Os objetivos deste ensaio já seriam plenamente cumpridos se fosse possível recuperar alguns dos fios dessas memórias esbatidas – e talvez adulteradas – de várias gerações de estudantes, desde que as vivências recordadas não nos afastem do balanço crítico e retrospetivo desse passado. Mais do que uma monografia exaustiva pretende-se interpretar uma grande variedade de dimensões. O principal foco são as tradições estudantis de múltiplas gerações, entre as quais se cruzaram conceções e trajetórias muito diversificadas e contrastantes. O estudo da tradição (ou, no plural, das tradições
), independentemente da força simbólica que se lhes reconheça, não significa descurar o papel da mudança, já que esta é uma constante, embora os ritmos que adquire oscilem em função das circunstâncias. As quatro décadas de democracia na sociedade portuguesa, desde 1974, trouxeram transformações que alteraram substancialmente o ambiente académico, quer nas universidades mais antigas, como Coimbra, quer nas que já nasceram no contexto democrático.
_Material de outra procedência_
(* Let $(X,\langle\cdot,\cdot\rangle,\|\cdot\|)$ be a separable Hilbert space, $A:D(A)\subset X\to X$ a densely defined self-adjoint linear operator with $\langle Ax,x\rangle\ge0$ for all $x\in D(A)$ and with $(\lambda I+A)^{-1}$ compact for some $\lambda>0$; let $0\le\lambda_1\le\lambda_2\le\dots$ be its eigenvalues with associated orthonormal eigenbasis $\{\varphi_k\}_{k\ge1}$. Let $B:D(B)\subset X\to X$ be linear with $D(A^{1/2})\subset D(B)$ and $\|B\varphi\|\le C_B\|\varphi\|_{1/2}$ for all $\varphi\in D(A^{1/2})$, for some constant $C_B>0$. Let $T>0$, $v_0\in D(A^{1/2})$ and $p\in L^2(0,T)$ be such that $\|p\|_{L^2(0,T)}\le N_T\|v_0\|$ for some constant $N_T>0$. Let $v(\cdot;v_0,p)$ be the solution of $$v'(t)+Av(t)+p(t)Bv(t)+p(t)B\varphi_1=0,\ t\in[0,T],\qquad v(0)=v_0.$$ Then $$\sup_{t\in[0,T]}\|v(t;v_0,p)\|_{1/2}^2\le C_{1,1}(T,\|v_0\|_{1/2})\,\|v_0\|_{1/2}^2,$$ where $$C_{1,1}(T,\|v_0\|_{1/2}):=e^{C_BN_T\left(\frac52C_BN_T\|v_0\|_{1/2}+2\sqrt T\right)\|v_0\|_{1/2}+T}\Big(1+\tfrac52C_B^2(1+\lambda_1^{1/2})^2N_T^2+\tfrac32C_B^2N_T^2\big(C_B^2(1+\lambda_1^{1/2})^2N_T^2+1\big)\|v_0\|_{1/2}^2\Big).$$
   Context: For $s\ge0$, $D(A^s)=\{x:\sum_k\lambda_k^{2s}|\langle x,\varphi_k\rangle|^2<\infty\}$, $A^sx=\sum_k\lambda_k^s\langle x,\varphi_k\rangle\varphi_k$, and $\|x\|_{s}:=\|x\|_{D(A^s)}=(\|x\|^2+\|A^sx\|^2)^{1/2}$. The solution $v$ is the unique mild (equivalently strict) solution in $C([0,T];D(A^{1/2}))\cap H^1(0,T;X)\cap L^2(0,T;D(A))$ of the stated Cauchy problem (the equation with source term $p(t)B\varphi_1\in L^2(0,T;X)$). *)

theory Defs
  imports "HOL-Analysis.Analysis"
begin

text \<open>Standing setting: a real separable Hilbert space is a type of class
  real_inner + complete_space + second_countable_topology.
  The spectral data (lam k, phi k), k = 0,1,2,... correspond to the paper's
  (lambda_(k+1), varphi_(k+1)).\<close>

definition lin_op_on :: "'a::real_vector set \<Rightarrow> ('a \<Rightarrow> 'a) \<Rightarrow> bool" where
  "lin_op_on D A \<longleftrightarrow> subspace D \<and>
     (\<forall>x\<in>D. \<forall>y\<in>D. A (x + y) = A x + A y) \<and>
     (\<forall>c. \<forall>x\<in>D. A (c *\<^sub>R x) = c *\<^sub>R A x)"

text \<open>Densely defined self-adjoint operator: D dense, and the adjoint A* (domain
  {y. exists z. forall x in D. <Ax,y> = <x,z>}) coincides with A.\<close>
definition self_adjoint_op :: "'a::real_inner set \<Rightarrow> ('a \<Rightarrow> 'a) \<Rightarrow> bool" where
  "self_adjoint_op D A \<longleftrightarrow> lin_op_on D A \<and> closure D = UNIV \<and>
     (\<forall>y. (\<exists>z. \<forall>x\<in>D. inner (A x) y = inner x z) \<longleftrightarrow> y \<in> D) \<and>
     (\<forall>x\<in>D. \<forall>y\<in>D. inner (A x) y = inner x (A y))"

definition compact_resolvent_at :: "'a::real_normed_vector set \<Rightarrow> ('a \<Rightarrow> 'a) \<Rightarrow> real \<Rightarrow> bool" where
  "compact_resolvent_at D A l \<longleftrightarrow>
     bij_betw (\<lambda>x. l *\<^sub>R x + A x) D UNIV \<and>
     (\<forall>S. bounded S \<longrightarrow> compact (closure (inv_into D (\<lambda>x. l *\<^sub>R x + A x) ` S)))"
(* Let $d\ge1$, $k\ge1$, $\sigma>0$, and let $g:\mathcal X\times\mathbb R^d\to\mathbb R^d$ be such that for every $x\in\mathcal X$ the map $\theta\mapsto g(x,\theta)$ is Lipschitz continuous and $\|g(x,\theta)\|_2=1$ for all $x,\theta$. For a dataset $X$ let $F(X,\theta)=\sum_{x\in X}g(x,\theta)$. Let $X$ be a dataset, $x'\in\mathcal X$ and $X'=X\cup\{x'\}$. For an initial $\theta\in\mathbb R^d$, the $k$-wise adaptive composition of the Gaussian mechanism on a dataset $Z\in\{X,X'\}$ outputs $(t_1,\dots,t_k)\in(\mathbb R^d)^k$ where $t_1\sim\mathcal N(F(Z,\theta),\sigma^2I_d)$ and, conditionally on $t_{j-1}$, $t_j\sim\mathcal N(F(Z,t_{j-1}),\sigma^2I_d)$ for $2\le j\le k$; let $f_Z(\cdot;\theta)$ be its density on $\mathbb R^{kd}$. Define for Borel $S\subseteq\mathbb R$ $$\widetilde\omega(S,\theta)=\int_{\{t\in\mathbb R^{kd}:\,\log\frac{f_{X'}(t;\theta)}{f_X(t;\theta)}\in S\}}f_{X'}(t;\theta)\,dt .$$ Let $\omega$ be the privacy loss distribution of the $k$-wise non-adaptive composition of the one-dimensional Gaussian mechanism with sensitivity exactly $1$, i.e. $\omega(S)=\Pr_{u}\big(\sum_{j=1}^k\log\frac{\varphi(u_j-1)}{\varphi(u_j)}\in S\big)$ where $u_1,\dots,u_k$ are i.i.d. $\mathcal N(1,\sigma^2)$ and $\varphi$ is the density of $\mathcal N(0,\sigma^2)$. Then for all $\theta\in\mathbb R^d$ and all Borel $S\subseteq\mathbb R$, $\widetilde\omega(S,\theta)=\omega(S)$.
   Context: $\widetilde\omega(\cdot,\theta)$ is the privacy loss distribution (distribution of the privacy loss $\log(f_{X'}/f_X)$ under $f_{X'}$) of the adaptive composition. *)

theory Defs
  imports "HOL-Probability.Probability"
begin

definition F_sum :: "('x \<Rightarrow> 'a \<Rightarrow> 'a::euclidean_space) \<Rightarrow> 'x multiset \<Rightarrow> 'a \<Rightarrow> 'a" where
  "F_sum g Z \<theta> = sum_mset (image_mset (\<lambda>x. g x \<theta>) Z)"

text \<open>Density of N(0, sigma^2 I_d) on the euclidean space 'a (d = DIM('a)), w.r.t. lborel.\<close>
definition gauss_density :: "real \<Rightarrow> 'a::euclidean_space \<Rightarrow> real" where
  "gauss_density \<sigma> y = (\<Prod>b\<in>Basis. normal_density 0 \<sigma> (y \<bullet> b))"

text \<open>Density of the k-wise adaptive composition of the Gaussian mechanism on dataset Z,
  started at \<theta>: outputs t 0, ..., t (k-1), with t 0 ~ N(F(Z,\<theta>), sigma^2 I) and
  t j ~ N(F(Z, t (j-1)), sigma^2 I) given t (j-1).\<close>
definition adaptive_density ::
  "('x \<Rightarrow> 'a \<Rightarrow> 'a::euclidean_space) \<Rightarrow> real \<Rightarrow> nat \<Rightarrow> 'x multiset \<Rightarrow> 'a \<Rightarrow> (nat \<Rightarrow> 'a) \<Rightarrow> real" where
  "adaptive_density g \<sigma> k Z \<theta> t =
     (\<Prod>j<k. gauss_density \<sigma> (t j - F_sum g Z (if j = 0 then \<theta> else t (j - 1))))"
(* Let $n\in\mathbb{N}$ and let $p$ be a positive even integer. Let $A_{i_1,i_2,\dots,i_p}$, $(i_1,\dots,i_p)\in\{1,\dots,n\}^p$, be standard normal random variables. Let $g$ be a standard normal random variable, and for each $j\in\{1,\dots,p\}$ let $\mathbf{g}^{(j)}\in\mathbb{R}^{n}$ be a vector with standard normal entries and $A^{(j)}=(A^{(j)}_{i_1,\dots,i_p})_{(i_1,\dots,i_p)\in\{1,\dots,n\}^p}$ be an order-$p$ array with standard normal entries. Assume all these random variables are mutually independent. Let $\mathcal{S}^{(j)}\subseteq\mathbb{S}^n$, $1\le j\le p$, and write $\bar{\mathcal{S}}=(\mathcal{S}^{(j)})_{j=1}^p$. For $c_3>0$ define $$\varphi(p;\bar{\mathcal S},n)=\max_{\mathbf{x}^{(j)}\in\mathcal{S}^{(j)},\,1\le j\le p}\ \sum_{i_1,\dots,i_p=1}^n A_{i_1,\dots,i_p}\prod_{j=1}^p \mathbf{x}^{(j)}_{i_j},$$ $$\xi(p;\bar{\mathcal S},n,c_3)=\frac{1}{\sqrt n}\,\frac{1}{c_3}\log\Big(\mathbb{E}\, e^{c_3\varphi(p;\bar{\mathcal S},n)}\Big),$$ $$\xi_u(p;\bar{\mathcal S},n,c_3)=\frac{1}{\sqrt n}\left(-\frac{c_3}{2}(p-1)+\frac{1}{c_3}\log\Big(\mathbb{E}\, e^{c_3\max_{\mathbf{x}^{(j)}\in\mathcal S^{(j)}}\sum_{j=1}^p(\mathbf g^{(j)})^T\mathbf x^{(j)}}\Big)\right),$$ $$\xi_l(p;\bar{\mathcal S},n,c_3)=\frac{1}{\sqrt n}\,\frac{1}{c_3}\log\Big(\mathbb{E}\, e^{\frac{c_3}{\sqrt p}\max_{\mathbf{x}^{(j)}\in\mathcal S^{(j)}}\sum_{j=1}^p\sum_{i_1,\dots,i_p=1}^n A^{(j)}_{i_1,\dots,i_p}\prod_{k=1}^p \mathbf{x}^{(j)}_{i_k}}\Big).$$ Then for all real $c_{3,l}>0$ and $c_{3,u}>0$, $$\xi_l(p;\bar{\mathcal S},n,c_{3,l})\le \xi(p;\bar{\mathcal S},n,c_{3,l})\quad\text{and}\quad \xi(p;\bar{\mathcal S},n,c_{3,u})\le \xi_u(p;\bar{\mathcal S},n,c_{3,u}).$$
   Context: $\mathbb{S}^n=\{\mathbf x\in\mathbb R^n:\|\mathbf x\|_2=1\}$ denotes the unit sphere in $\mathbb R^n$. For a vector $\mathbf x$, $\mathbf x_i$ denotes its $i$-th coordinate. All maxima over the sets $\mathcal S^{(j)}$ are taken jointly over $(\mathbf x^{(1)},\dots,\mathbf x^{(p)})\in\mathcal S^{(1)}\times\cdots\times\mathcal S^{(p)}$. *)

theory Defs
  imports "HOL-Probability.Probability"
begin

text \<open>Conventions: coordinates are indexed 0-based by i < n; the p factors by j < p.
  Vectors in R^n are functions nat => real vanishing outside {..<n}.
  Multi-indices (i_1,...,i_p) are lists of length p with entries < n.\<close>

definition unit_sphere :: "nat \<Rightarrow> (nat \<Rightarrow> real) set" where
  "unit_sphere n = {x. (\<forall>i\<ge>n. x i = 0) \<and> (\<Sum>i<n. (x i)\<^sup>2) = 1}"

definition tuples :: "nat \<Rightarrow> nat \<Rightarrow> nat list set" where
  "tuples n p = {is. length is = p \<and> set is \<subseteq> {..<n}}"

definition gauss :: "'i set \<Rightarrow> ('i \<Rightarrow> real) measure" where
  "gauss I = PiM I (\<lambda>_. density lborel std_normal_density)"

definition phi :: "nat \<Rightarrow> nat \<Rightarrow> (nat \<Rightarrow> (nat \<Rightarrow> real) set) \<Rightarrow> (nat list \<Rightarrow> real) \<Rightarrow> real" where
  "phi p n S A = (SUP xs \<in> Pi\<^sub>E {..<p} S.
      \<Sum>is\<in>tuples n p. A is * (\<Prod>j<p. xs j (is ! j)))"

definition xi :: "nat \<Rightarrow> (nat \<Rightarrow> (nat \<Rightarrow> real) set) \<Rightarrow> nat \<Rightarrow> real \<Rightarrow> real" where
  "xi p S n c = 1 / sqrt n * (1 / c * ln (\<integral>A. exp (c * phi p n S A) \<partial>gauss (tuples n p)))"

text \<open>G (j,i) is the i-th entry of g^(j).\<close>
definition xi_u :: "nat \<Rightarrow> (nat \<Rightarrow> (nat \<Rightarrow> real) set) \<Rightarrow> nat \<Rightarrow> real \<Rightarrow> real" where
  "xi_u p S n c = 1 / sqrt n * (- c / 2 * (real p - 1) + 1 / c * ln
     (\<integral>G. exp (c * (SUP xs \<in> Pi\<^sub>E {..<p} S. \<Sum>j<p. \<Sum>i<n. G (j, i) * xs j i))
      \<partial>gauss ({..<p} \<times> {..<n})))"

text \<open>B (j,is) is the entry A^(j)_is.\<close>
definition xi_l :: "nat \<Rightarrow> (nat \<Rightarrow> (nat \<Rightarrow> real) set) \<Rightarrow> nat \<Rightarrow> real \<Rightarrow> real" where
  "xi_l p S n c = 1 / sqrt n * (1 / c * ln
     (\<integral>B. exp (c / sqrt p * (SUP xs \<in> Pi\<^sub>E {..<p} S.
          \<Sum>j<p. \<Sum>is\<in>tuples n p. B (j, is) * (\<Prod>k<p. xs j (is ! k))))
      \<partial>gauss ({..<p} \<times> tuples n p)))"

end

theory Submission
  imports Defs
begin

text \<open>
  Both inequalities are instances of a Gordon-type comparison of centred Gaussian processes:
  if E[Y_s Y_t] <= E[X_s X_t] + a for all s, t, with equality for s = t, then
  exp(a/2) E exp(sup X) <= E exp(sup Y). For finitely many indices, X and Y are realised
  independently, Z = sin(theta) X + cos(theta) Y interpolates between them, and Gaussian
  integration by parts shows that exp(a sin(theta)^2 / 2) E (sum_t exp(beta Z_t))^(1/beta)
  decreases on [0, pi/2]. Letting beta tend to infinity gives the maximum, and finite nets of the
  index set give the supremum.

  The tensor process sum_i A_i x1_(i_1) ... xp_(i_p) that defines phi has covariance
  prod_j <xj, yj>. Since sum_j a_j <= prod_j a_j + p - 1 whenever |a_j| <= 1, the process
  sum_j <g_j, xj> dominates it with a = c^2 (p - 1), which is the upper bound. For even p, AM-GM
  shows that the symmetric tensor processes, scaled by 1/sqrt p and with covariance
  sum_j <xj, yj>^p / p, dominate it with a = 0, which is the lower bound.
\<close>

section \<open>Gaussian integration by parts\<close>

abbreviation std_normal :: "real measure" where
  "std_normal \<equiv> density lborel std_normal_density"

lemma exp_minus_square_tendsto_zero:
  fixes F :: "real filter"
  assumes "filterlim (\<lambda>y. y\<^sup>2) at_top F"
  shows "((\<lambda>y. exp (- y\<^sup>2 / 4)) \<longlongrightarrow> 0) F"
proof -
  have "filterlim (\<lambda>y. y\<^sup>2 / 4) at_top F"
    using filterlim_tendsto_pos_mult_at_top[OF tendsto_const _ assms, of "1/4"] by simp
  then have "filterlim (\<lambda>y. - y\<^sup>2 / 4) at_bot F"
    by (subst filterlim_uminus_at_bot) simp
  then show ?thesis by (rule filterlim_compose[OF exp_at_bot])
qed
lemma wrefl_of_coords:
  assumes "i \<in> {1..7}"
  shows "wrefl i (of_coords xs) = of_coords (refl_coords i xs)"
proof
  fix j
  have "wrefl i (of_coords xs) j = of_coords xs j - pairing_coords xs i * sroot i j"
    using assms by (simp add: wrefl_def form_of_coords_sroot)
  then show "wrefl i (of_coords xs) j = of_coords (refl_coords i xs) j"
    using assms by (auto simp: of_coords_def refl_coords_def sroot_def nth_upt)
qed

lemma sroot_eq_of_coords:
  assumes "i \<in> {1..7}"
  shows "sroot i = of_coords (unit_coords i)"
  using assms by (auto simp: sroot_def of_coords_def unit_coords_def nth_upt fun_eq_iff)

lemma of_coords_map_uminus:
  assumes "length xs = 7"
  shows "of_coords (map uminus xs) = - of_coords xs"
  using assms by (auto simp: of_coords_def fun_eq_iff)

lemma of_coords_nonneg:
  assumes "length xs = 7" "\<forall>x\<in>set xs. 0 \<le> x"
  shows "0 \<le> of_coords xs j"
  using assms by (auto simp: of_coords_def)

lemma of_coords_pos_entry:
  assumes "length xs = 7" "0 < sum_list xs"
  obtains j where "0 < of_coords xs j"
proof -
  obtain x where "x \<in> set xs" "0 < x"
    using assms(2) sum_list_nonpos[of xs] by force
  then obtain k where "k < 7" "xs ! k = x"
    using assms(1) by (auto simp: in_set_conv_nth)
  then have "0 < of_coords xs (Suc k)"
    using \<open>0 < x\<close> by (simp add: of_coords_def)
  then show ?thesis ..
qed
text \<open>All seven properties of \<open>Cp X\<close> are equivalent to a diagonal property of \<open>X\<close> itself:
  whenever the rows of a double sequence of non-negative continuous functions on \<open>X\<close> converge
  pointwise to \<open>0\<close>, some strictly increasing choice of one column per row converges pointwise
  to \<open>0\<close>. Given this property, the selections demanded by \<open>alpha2m\<close>, local Ramsey and Ramsey
  are obtained by diagonalising the summed deviations of the first \<open>n\<close> rows from their limits.
  The implications \<open>alpha2m \<Longrightarrow> alpha2 \<Longrightarrow> alpha3 \<Longrightarrow> alpha4\<close> and
  \<open>locally_Ramsey \<Longrightarrow> alpha3m \<Longrightarrow> alpha4\<close> hold in every space, and Ramsey implies \<open>alpha4\<close>
  after shifting the \<open>n\<close>-th sequence by \<open>1 / (n + 1)\<close>. Conversely, \<open>alpha4\<close> gives the diagonal
  property: perturbed so that their value at a fixed point encodes the row index, the rows become
  disjoint sequences converging to \<open>0\<close>, and a sequence meeting infinitely many of them yields
  the diagonal.\<close>

lemma topspace_Cp:
  "topspace (Cp X) = {f \<in> extensional (topspace X). continuous_map X euclideanreal f}"
  unfolding Cp_def by (auto simp: PiE_def)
Como adiante pretendo mostrar, essas mudanças – em especial a abertura democrática do acesso ao ensino superior – não se projetam de igual modo em todas as dimensões da vida, pelo que somos frequentemente confrontados com paradoxos de difícil interpretação. Por exemplo, a rápida feminização da Universidade portuguesa é um dos aspetos que contrastam com um tipo de ritualismo ainda extremamente marcado por símbolos e práticas imbuídos de masculinidade. A regulamentação dos rituais, nomeadamente o Código da Praxe, não presta qualquer atenção a essa matéria, mas o certo é que as regras atuais têm por detrás de si uma longa herança, de que não podem desfazer-se. É a herança de um mundo ancestral, onde o elitismo e o romantismo se conjugam com um universo no qual a mulher sempre foi relegada para um lugar subalterno. No fundo, todas as transformações em curso obrigam a colocar a interrogação sobre qual será a relação entre: as tradições, o associativismo e as culturas estudantis/juvenis. Em suma, a pergunta é: o que é que nos diz o fenómeno da praxe
sobre as múltiplas dimensões socioculturais que marcam a atual juventude?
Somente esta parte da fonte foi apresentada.